Народ восточной провинции Фландрии отличался трудолюбием и жизнерадостным характером. Жители этих земель говорили певуче, растягивая слова, как мелодию песни.
– Отойди-и-и от меня-я-а, ты делаешь меня-я-а горя-я-ячей! – нараспев говорили женщины полюбившемуся мужчине, и сердце крестьянина таяло в груди от такого откровенного признания в любви.
Лимбуржцы отличались не только веселым нравом, но и пресловутой скупостью, которая хорошо сочеталась с расчетливостью. Если в дом приходил гость из Лимбурга, то хозяева знали, что накормить его будет нелегко. Перед тем как отправиться в гости, нормальный лимбуржец держал голодный пост, чтобы своим волчьим аппетитом радовать хозяев застолья. Голодному человеку хоть варенье на сало намажь – всё будет вкусно, и хозяевам хорошо, что еда не пропала даром.
Жос Де Веер был единственный сын в семье земледельцев, но тяжелый крестьянский труд за краюху хлеба и кружку молока быстро надоел, и юноша подался в шахты, чтобы подержать в руках хотя бы пару центов, а если повезет, то и несколько франков.
– Ох, сынок, работать под землей – это не для крестьянина, – убеждал отец Жоса. – В шахтах – тьма тараканья! Лучше уж коровам хвосты крутить, чем в шахте на брюхе ящеркой ползать. Посмотри вокруг. Красота! Поля! Леса! Жос, сынок, подумай хорошо, в шахтах станешь ты как угольная головешка, и никакая приличная девушка на тебя не посмотрит, а здесь ты у себя дома, тебе и говно – навоз! Да и какое молоко без коровьих лепешек бывает? А? Деньжат поднакопим и еще земельку купим…

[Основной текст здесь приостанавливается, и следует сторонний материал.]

(* Let $n$ be an odd positive integer and $(\lambda\mid\mu)$ a bipartition of $n$. Then \[\Gamma^B_{(\lambda\mid\mu)}=\begin{cases}2\,\Gamma^D_{(\lambda\mid\mu)} & \ell(\mu)\text{ even},\\ 0 & \ell(\mu)\text{ odd}.\end{cases}\] Consequently $s_n^B=2s_n^D$.
   Context: $B_n$ is the group of permutations $w$ of $\{\pm1,\dots,\pm n\}$ with $w(-i)=-w(i)$, and $D_n=\{w\in B_n:w(1)\cdots w(n)>0\}$. Each $w\in B_n$ decomposes uniquely into positive cycles $(a_1,\dots,a_\ell)(-a_1,\dots,-a_\ell)$ and negative cycles $(b_1,\dots,b_\ell,-b_1,\dots,-b_\ell)$; its cycle type is the bipartition $(\lambda\mid\mu)$ of positive and negative cycle lengths, and conjugacy classes of $B_n$ are indexed by bipartitions of $n$. An element lies in $D_n$ iff $\ell(\mu)$ (the number of parts of $\mu$) is even; for $n$ odd, the $B_n$-class of each such $(\lambda\mid\mu)$ is a single $D_n$-conjugacy class. $\Gamma^B_{(\lambda\mid\mu)}$ (resp. $\Gamma^D_{(\lambda\mid\mu)}$) is the sum of the column of the complex character table of $B_n$ (resp. $D_n$) at the class of cycle type $(\lambda\mid\mu)$; $s_n^B$, $s_n^D$ are the sums of all entries of the character tables of $B_n$, $D_n$. *)

theory Defs
  imports "Jordan_Normal_Form.Matrix" "HOL-Combinatorics.Permutations"
begin

text \<open>Elements of B_n: permutations w of {+-1,...,+-n} with w(-i) = -w(i),
  extended by the identity outside (so they are bijections of int).
  The group law is composition.\<close>

definition signed_perms :: "nat \<Rightarrow> (int \<Rightarrow> int) set" where
  "signed_perms n = {w. w permutes ({- int n .. int n} - {0}) \<and> (\<forall>i. w (- i) = - w i)}"

definition even_signed_perms :: "nat \<Rightarrow> (int \<Rightarrow> int) set" where
  "even_signed_perms n = {w \<in> signed_perms n. (\<Prod>i\<in>{1 .. int n}. w i) > 0}"

definition orbit_of :: "(int \<Rightarrow> int) \<Rightarrow> int \<Rightarrow> int set" where
  "orbit_of w x = {(w ^^ k) x | k. True}"

text \<open>A negative cycle is a cycle (orbit) of w on {+-1,...,+-n} that is closed under
  negation; the number of such cycles is the number of parts of mu.\<close>
definition num_neg_cycles :: "nat \<Rightarrow> (int \<Rightarrow> int) \<Rightarrow> nat" where
  "num_neg_cycles n w = card {orbit_of w x | x. x \<in> {- int n .. int n} - {0} \<and> - x \<in> orbit_of w x}"

definition mat_trace :: "complex mat \<Rightarrow> complex" where
  "mat_trace A = (\<Sum>i<dim_row A. A $$ (i, i))"

definition is_rep :: "(int \<Rightarrow> int) set \<Rightarrow> nat \<Rightarrow> ((int \<Rightarrow> int) \<Rightarrow> complex mat) \<Rightarrow> bool" where
  "is_rep G d \<rho> \<longleftrightarrow> (\<forall>g\<in>G. \<rho> g \<in> carrier_mat d d) \<and>
     (\<forall>g\<in>G. \<forall>h\<in>G. \<rho> (g \<circ> h) = \<rho> g * \<rho> h) \<and> \<rho> id = 1\<^sub>m d"

definition inv_subspace :: "(int \<Rightarrow> int) set \<Rightarrow> nat \<Rightarrow> ((int \<Rightarrow> int) \<Rightarrow> complex mat) \<Rightarrow> complex vec set \<Rightarrow> bool" where
  "inv_subspace G d \<rho> W \<longleftrightarrow> W \<subseteq> carrier_vec d \<and> 0\<^sub>v d \<in> W \<and>
     (\<forall>u\<in>W. \<forall>v\<in>W. u + v \<in> W) \<and> (\<forall>c. \<forall>v\<in>W. c \<cdot>\<^sub>v v \<in> W) \<and>
     (\<forall>g\<in>G. \<forall>v\<in>W. \<rho> g *\<^sub>v v \<in> W)"

definition irreducible_rep :: "(int \<Rightarrow> int) set \<Rightarrow> nat \<Rightarrow> ((int \<Rightarrow> int) \<Rightarrow> complex mat) \<Rightarrow> bool" where
  "irreducible_rep G d \<rho> \<longleftrightarrow> d > 0 \<and> is_rep G d \<rho> \<and>
     (\<forall>W. inv_subspace G d \<rho> W \<longrightarrow> W = {0\<^sub>v d} \<or> W = carrier_vec d)"

definition irr_chars :: "(int \<Rightarrow> int) set \<Rightarrow> ((int \<Rightarrow> int) \<Rightarrow> complex) set" where
  "irr_chars G = {(\<lambda>g. if g \<in> G then mat_trace (\<rho> g) else 0) | d \<rho>. irreducible_rep G d \<rho>}"

definition col_sum :: "(int \<Rightarrow> int) set \<Rightarrow> (int \<Rightarrow> int) \<Rightarrow> complex" where
  "col_sum G g = (\<Sum>\<chi>\<in>irr_chars G. \<chi> g)"

definition conj_classes :: "(int \<Rightarrow> int) set \<Rightarrow> (int \<Rightarrow> int) set set" where
  "conj_classes G = {{h \<circ> g \<circ> Hilbert_Choice.inv h | h. h \<in> G} | g. g \<in> G}"

definition table_sum :: "(int \<Rightarrow> int) set \<Rightarrow> complex" where
  "table_sum G = (\<Sum>C\<in>conj_classes G. col_sum G (SOME g. g \<in> C))"

end

(* For odd n the element -1 of B_n is central and lies outside D_n, so B_n = D_n x {1, -1}.
   By Schur's lemma -1 acts as a scalar e = +-1 in every irreducible representation of B_n;
   hence restriction to D_n stays irreducible, and the irreducible characters of B_n are exactly
   the characters chi of D_n twisted by e on the coset of -1. Summing over e doubles the column
   sums on D_n and cancels them off D_n. Conjugation by -1 is trivial, so the B_n-classes inside
   D_n are D_n-classes, which gives s_n^B = 2 s_n^D. Finally, w lies in D_n iff w has an even
   number of negative cycles, by induction on n: deleting the pair +-n from the cycles of w
   yields a signed permutation w' of {+-1, ..., +-(n-1)} with w(1)...w(n) = -n w'(1)...w'(n-1)
   if {n, -n} is a negative cycle of w, and = n w'(1)...w'(n-1) otherwise. *)

theory Submission
  imports Defs "HOL-Combinatorics.Orbits"
begin

section \<open>Deleting a set from the cycles of a permutation\<close>

lemma orbit_of_eq_orbit: "permutation f \<Longrightarrow> orbit_of f x = orbit f x"
  by (simp add: orbit_of_def orbit_altdef_permutation)

lemma orbit_uminus:
  assumes "\<And>i. f (- i) = - f i"
  shows "orbit f (- x) = uminus ` orbit f x"
proof -
  have "(f ^^ k) (- x) = - (f ^^ k) x" for k by (induct k) (use assms in auto)
  then show ?thesis unfolding orbit_altdef by (auto simp: image_iff)
qed

definition shortcut :: "'a set \<Rightarrow> ('a \<Rightarrow> 'a) \<Rightarrow> 'a \<Rightarrow> 'a" where
  "shortcut M f x = (if x \<in> M then x else if f x \<in> M then f (f x) else f x)"

text \<open>Every cycle of \<open>f\<close> either lies in \<open>M\<close> or meets \<open>M\<close> only in isolated points, so
  jumping over \<open>M\<close> deletes \<open>M\<close> from the cycles of \<open>f\<close>.\<close>
locale shortcut_perm =
  fixes f :: "'a \<Rightarrow> 'a" and S M :: "'a set"
  assumes permutes: "f permutes S" and finite: "finite S" and subset: "M \<subseteq> S"
    and leave: "\<And>x. x \<notin> M \<Longrightarrow> f x \<in> M \<Longrightarrow> f (f x) \<notin> M"
    and stay: "\<And>x. x \<in> M \<Longrightarrow> f x \<in> M \<Longrightarrow> f (f x) \<in> M"
begin

lemma shortcut_in: "x \<in> S - M \<Longrightarrow> shortcut M f x \<in> S - M"
  using leave[of x] permutes_in_image[OF permutes] unfolding shortcut_def by auto

lemma inj_on_shortcut: "inj_on (shortcut M f) (S - M)"
proof (rule inj_onI)
  fix x y assume "x \<in> S - M" "y \<in> S - M" "shortcut M f x = shortcut M f y"
  with permutes_inj[OF permutes] show "x = y"
    unfolding shortcut_def by (auto split: if_splits dest: injD)
qed

lemma shortcut_permutes: "shortcut M f permutes (S - M)"
proof (rule bij_imp_permutes)
  have "shortcut M f ` (S - M) = S - M"
    using endo_inj_surj[OF _ _ inj_on_shortcut] shortcut_in finite by blast
  then show "bij_betw (shortcut M f) (S - M) (S - M)"
    using inj_on_shortcut unfolding bij_betw_def by blast
next
  show "x \<notin> S - M \<Longrightarrow> shortcut M f x = x" for x
    using permutes_not_in[OF permutes, of x] subset unfolding shortcut_def by auto
qed

lemma orbit_shortcut:
  assumes x: "x \<notin> M"
  shows "orbit (shortcut M f) x = orbit f x - M"
proof
  show "orbit (shortcut M f) x \<subseteq> orbit f x - M"
  proof
    fix y assume "y \<in> orbit (shortcut M f) x"
    then show "y \<in> orbit f x - M"
    proof induct
      case base
      then show ?case using x leave[of x] unfolding shortcut_def by (auto intro: orbit_eqI)
    next
      case (step y)
      then show ?case using leave[of y] unfolding shortcut_def by (auto intro: orbit_eqI)
    qed
  qed
  \<comment> \<open>The second conjunct covers the points reached by a jump over \<open>M\<close>.\<close>
  have "(y \<notin> M \<longrightarrow> y \<in> orbit (shortcut M f) x) \<and>
        (y \<in> M \<longrightarrow> f y \<notin> M \<longrightarrow> f y \<in> orbit (shortcut M f) x)" if "y \<in> orbit f x" for y
    using that
  proof induct
    case base
    then show ?case using x unfolding shortcut_def by (auto intro: orbit_eqI)
  next
    case (step y)
    show ?case
    proof (cases "y \<in> M")
      case True
      then show ?thesis using step stay[of y] by blast
    next
      case False
      then have "y \<in> orbit (shortcut M f) x" using step by blast
      then have "shortcut M f y \<in> orbit (shortcut M f) x" by (rule orbit_eqI(2)[OF refl])
      then show ?thesis using False unfolding shortcut_def by (auto split: if_splits)
    qed
  qed
  then show "orbit f x - M \<subseteq> orbit (shortcut M f) x" by blast
qed

end

section \<open>Signed permutations\<close>

abbreviation signed_points :: "nat \<Rightarrow> int set" where
  "signed_points n \<equiv> {- int n .. int n} - {0}"

definition neg_id :: "nat \<Rightarrow> int \<Rightarrow> int" where
  "neg_id n i = (if i \<in> signed_points n then - i else i)"

definition sign_prod :: "nat \<Rightarrow> (int \<Rightarrow> int) \<Rightarrow> int" where
  "sign_prod n w = (\<Prod>i\<in>{1 .. int n}. w i)"

lemma signed_perms_iff:
  "w \<in> signed_perms n \<longleftrightarrow> w permutes signed_points n \<and> (\<forall>i. w (- i) = - w i)"
  by (simp add: signed_perms_def)

lemma signed_perms_permutes: "w \<in> signed_perms n \<Longrightarrow> w permutes signed_points n"
  by (simp add: signed_perms_iff)

lemma signed_perms_uminus: "w \<in> signed_perms n \<Longrightarrow> w (- i) = - w i"
  by (simp add: signed_perms_iff)

lemma signed_permsI: "w permutes signed_points n \<Longrightarrow> (\<And>i. w (- i) = - w i) \<Longrightarrow> w \<in> signed_perms n"
  by (simp add: signed_perms_iff)

lemma signed_perms_in: "w \<in> signed_perms n \<Longrightarrow> i \<in> signed_points n \<Longrightarrow> w i \<in> signed_points n"
  using permutes_in_image[OF signed_perms_permutes] by blast

lemma signed_perms_bij: "w \<in> signed_perms n \<Longrightarrow> bij w"
  using signed_perms_permutes permutes_bij by blast

lemma finite_signed_perms: "finite (signed_perms n)"
  by (rule finite_subset[OF _ finite_permutations[of "signed_points n"]])
    (auto dest: signed_perms_permutes)

lemma comp_signed_perms: "g \<in> signed_perms n \<Longrightarrow> h \<in> signed_perms n \<Longrightarrow> g \<circ> h \<in> signed_perms n"
  by (simp add: signed_perms_iff permutes_compose)

lemma inv_signed_perms:
  assumes h: "h \<in> signed_perms n"
  shows "Hilbert_Choice.inv h \<in> signed_perms n"
proof (rule signed_permsI)
  have p: "h permutes signed_points n" using signed_perms_permutes[OF h] .
  then show "Hilbert_Choice.inv h permutes signed_points n" by (rule permutes_inv)
  fix i
  have "h (- Hilbert_Choice.inv h i) = - i"
    using signed_perms_uminus[OF h] permutes_inverses(1)[OF p] by simp
  then show "Hilbert_Choice.inv h (- i) = - Hilbert_Choice.inv h i"
    using permutes_inverses(2)[OF p] by metis
qed

lemma neg_id_signed_perms: "neg_id n \<in> signed_perms n"
proof (rule signed_permsI)
  show "neg_id n permutes signed_points n"
    by (rule bij_imp_permutes, rule bij_betw_byWitness[where f'="neg_id n"])
      (auto simp: neg_id_def)
qed (auto simp: neg_id_def)

lemma neg_id_neg_id: "neg_id n \<circ> neg_id n = id"
  by (auto simp: neg_id_def fun_eq_iff)

lemma neg_id_commute:
  assumes w: "w \<in> signed_perms n"
  shows "neg_id n \<circ> w = w \<circ> neg_id n"
proof
  fix i
  show "(neg_id n \<circ> w) i = (w \<circ> neg_id n) i"
  proof (cases "i \<in> signed_points n")
    case True
    then show ?thesis using signed_perms_in[OF w True] signed_perms_uminus[OF w]
      by (simp add: neg_id_def)
  next
    case False
    then show ?thesis using permutes_not_in[OF signed_perms_permutes[OF w] False]
      by (auto simp: neg_id_def)
  qed
qed

lemma sign_prod_nonzero: "w \<in> signed_perms n \<Longrightarrow> sign_prod n w \<noteq> 0"
  using signed_perms_in[of w n] by (fastforce simp: sign_prod_def)
(* Let $n>2k\geq 4$ be integers. Suppose that $\mathcal{F},\mathcal{G}\subset\binom{[n]}{k}$ are non-trivial and cross-intersecting, and assume $|\mathcal{F}(\hat{1})|\geq\binom{n-2}{k-2}$ and $|\mathcal{G}(\hat{1})|\geq\binom{n-2}{k-2}$. Then: (i) $\mathcal{F}_0\cup\mathcal{G}_1$ and $\mathcal{F}_1\cup\mathcal{G}_0$ are intersecting; (ii) if $\min\{|\mathcal{F}(\hat{1})|,|\mathcal{G}(\hat{1})|\}>\binom{n-2}{k-2}$, then $\mathcal{F}_0\cup\mathcal{G}_1$ and $\mathcal{F}_1\cup\mathcal{G}_0$ are also non-trivial.
   Context: $[n]=\{1,\ldots,n\}$, $[2,n]=\{2,\ldots,n\}$, and $\binom{X}{k}$ is the family of $k$-subsets of $X$. Families $\mathcal{F},\mathcal{G}$ are cross-intersecting if $F\cap G\neq\emptyset$ for all $F\in\mathcal{F},G\in\mathcal{G}$; a family is intersecting if any two of its members intersect; a family is non-trivial if the intersection of all its members is empty. For a family $\mathcal{H}$, $\mathcal{H}(\hat{1})=\{H\in\mathcal{H}\colon 1\in H\}$ and $\mathcal{H}(\bar{1})=\{H\in\mathcal{H}\colon 1\notin H\}$. The lexicographic order on $k$-sets is defined by $F<_L G$ iff $\min(F\setminus G)<\min(G\setminus F)$. For a ground set $X$ and $1\leq m\leq\binom{|X|}{k}$, $\mathcal{L}(X,k,m)$ denotes the family of the first $m$ sets of $\binom{X}{k}$ in lexicographic order. For $\mathcal{H}\subset\binom{[n]}{k}$, define $\mathcal{H}_1=\mathcal{L}([n],k,|\mathcal{H}(\hat{1})|)$ and $\mathcal{H}_0=\mathcal{L}([2,n],k,|\mathcal{H}(\bar{1})|)$ (the first $|\mathcal{H}(\bar 1)|$ sets of $\binom{[2,n]}{k}$ in lexicographic order). *)

theory Defs
  imports Main
begin
lemma valid_point_cyl_point [simp]: "valid_point r (cyl_point c s) \<longleftrightarrow> valid_cyl r c \<and> digits r s"
  by (simp add: valid_point_def cyl_point_def valid_cyl_def)

lemma cyl_point_append: "cyl_point (n, v @ u) s = cyl_point (n, v) (prepend u s)"
  by (simp add: cyl_point_def prepend_append)

lemma cyl_point_inject:
  assumes r: "r \<ge> 2" and eq: "\<forall>s. digits r s \<longrightarrow> cyl_point c s = cyl_point c' s"
  shows "c = c'"
proof -
  obtain n v n' v' where c: "c = (n, v)" and c': "c' = (n', v')" by (cases c, cases c')
  have eq_const: "n = n' \<and> prepend v (\<lambda>_. a) = prepend v' (\<lambda>_. a)" if "a < r" for a
    using eq digits_const[OF that] unfolding c c' cyl_point_def by auto
  \<comment> \<open>at the index where the shorter address ends, one side reads the tail \<open>0 0 \<dots>\<close> resp.
     \<open>1 1 \<dots>\<close>, the other a fixed digit\<close>
  have "length v = length v'"
  proof (rule ccontr)
    assume "length v \<noteq> length v'"
    then obtain i where "i < length v \<and> i = length v' \<or> i < length v' \<and> i = length v"
      by (metis linorder_neqE_nat)
    then show False
      using eq_const[of 0] eq_const[of 1] r
      by (metis prepend_nth prepend_length_plus add_0_right zero_neq_one one_less_numeral_iff
          semiring_norm(76) order_less_le_trans pos2)
  qed
  then have "v = v'"
    using eq_const[of 0] r by (metis nth_equalityI prepend_nth pos2 order_less_le_trans)
  then show ?thesis using c c' eq_const[of 0] r by simp
qed

lemma cyl_image_eqI:
  assumes "r \<ge> 2" and "\<forall>s. digits r s \<longrightarrow> f (cyl_point c s) = cyl_point c' s"
  shows "cyl_image r f c = c'"
  unfolding cyl_image_def
proof (rule the_equality)
  fix c'' assume "\<forall>s. digits r s \<longrightarrow> f (cyl_point c s) = cyl_point c'' s"
  then show "c'' = c'" using assms cyl_point_inject by metis
qed (rule assms(2))

lemma cyl_image:
  "r \<ge> 2 \<Longrightarrow> affine_on r f c \<Longrightarrow> digits r s \<Longrightarrow> f (cyl_point c s) = cyl_point (cyl_image r f c) s"
  unfolding affine_on_def using cyl_image_eqI by metis

lemma valid_cyl_cyl_image:
  assumes r: "r \<ge> 2" and "affine_on r f c" and "valid_cyl r c"
    and valid_f: "\<And>x. valid_point r x \<Longrightarrow> valid_point r (f x)"
  shows "valid_cyl r (cyl_image r f c)"
proof -
  have "digits r (\<lambda>_. 0)" using r by (simp add: digits_const)
  then show ?thesis
    using valid_f[of "cyl_point c (\<lambda>_. 0)"] cyl_image[OF r assms(2)] assms(3) by simp
qed

lemma carets_cong: "(\<And>x. valid_point r x \<Longrightarrow> f x = g x) \<Longrightarrow> carets r f = carets r g"
  unfolding carets_def affine_on_def by (metis valid_point_cyl_point)

lemma affine_on_append:
  assumes "affine_on r f (n, v)" and "\<forall>a\<in>set u. a < r"
  shows "affine_on r f (n, v @ u)"
proof -
  obtain m w where "\<forall>s. digits r s \<longrightarrow> f (cyl_point (n, v) s) = cyl_point (m, w) s"
    using assms(1) unfolding affine_on_def by auto
  then have "\<forall>s. digits r s \<longrightarrow> f (cyl_point (n, v @ u) s) = cyl_point (m, w @ u) s"
    using assms(2) by (simp add: cyl_point_append)
  then show ?thesis unfolding affine_on_def by blast
qed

Жос хоть и послушным был пареньком, но очень упрямым.
– Папа, авось заработаю себе на штаны, а то заплатка на заплатке наворочена, приоденусь и женюсь. Глядишь, и к вам с матерью жить переберусь, – попытался успокоить он отца, собирая свои скудные пожитки, и, поцеловав мамашу на прощание, зашагал по каменистой дороге в сторону угольных шахт.
На шахте Жос жил в бараках, где ютилось по двадцать человек в одном помещении. Однажды его напарник Жан, у которого были дом и жена, пригласил юношу к себе на постой. Жос платил за гостеприимство половиной своей зарплаты. Дружба между Жосом и Жаном крепла. Через несколько месяцев шахтерского труда Жос смог прилично одеться и подумывал навестить своих родителей, но началась война.
Первым рекрутировали Жана. После его ухода его жена готовила обеды только для Жоса.
Проходили месяц за месяцем, а от Жана не было вестей. Жив он или нет, никто не знал. Как-то раз после обеда женщина, тоскующая женщина без мужа, накормила Жоса обедом, а потом повела его в маленькую спальню, где раздела гостя до трусов.
К такому обращению юноша не был приучен, но ему это понравилось. Потом она стала медленно раздеваться сама, бросая свое белье, пахнувшее цветочными духами, прямо ему в лицо. Затем она села на пол между ногами пыхтящего мужчины и грудью прижалась к его животу. Жос не знал, что ему нужно делать, но он не знал и того, что ему делать совсем не нужно. Раздумывал он недолго, разгорячённая женщина сильным движением руки опрокинула парня спиной на кровать. Что произошло в последующие десять минут, никто так и не узнает, но на другой день она попросила за обед двойную оплату. Через несколько месяцев Жос тоже ушел на войну, но уже на стороне немцев, и на следующий день все о нем забыли.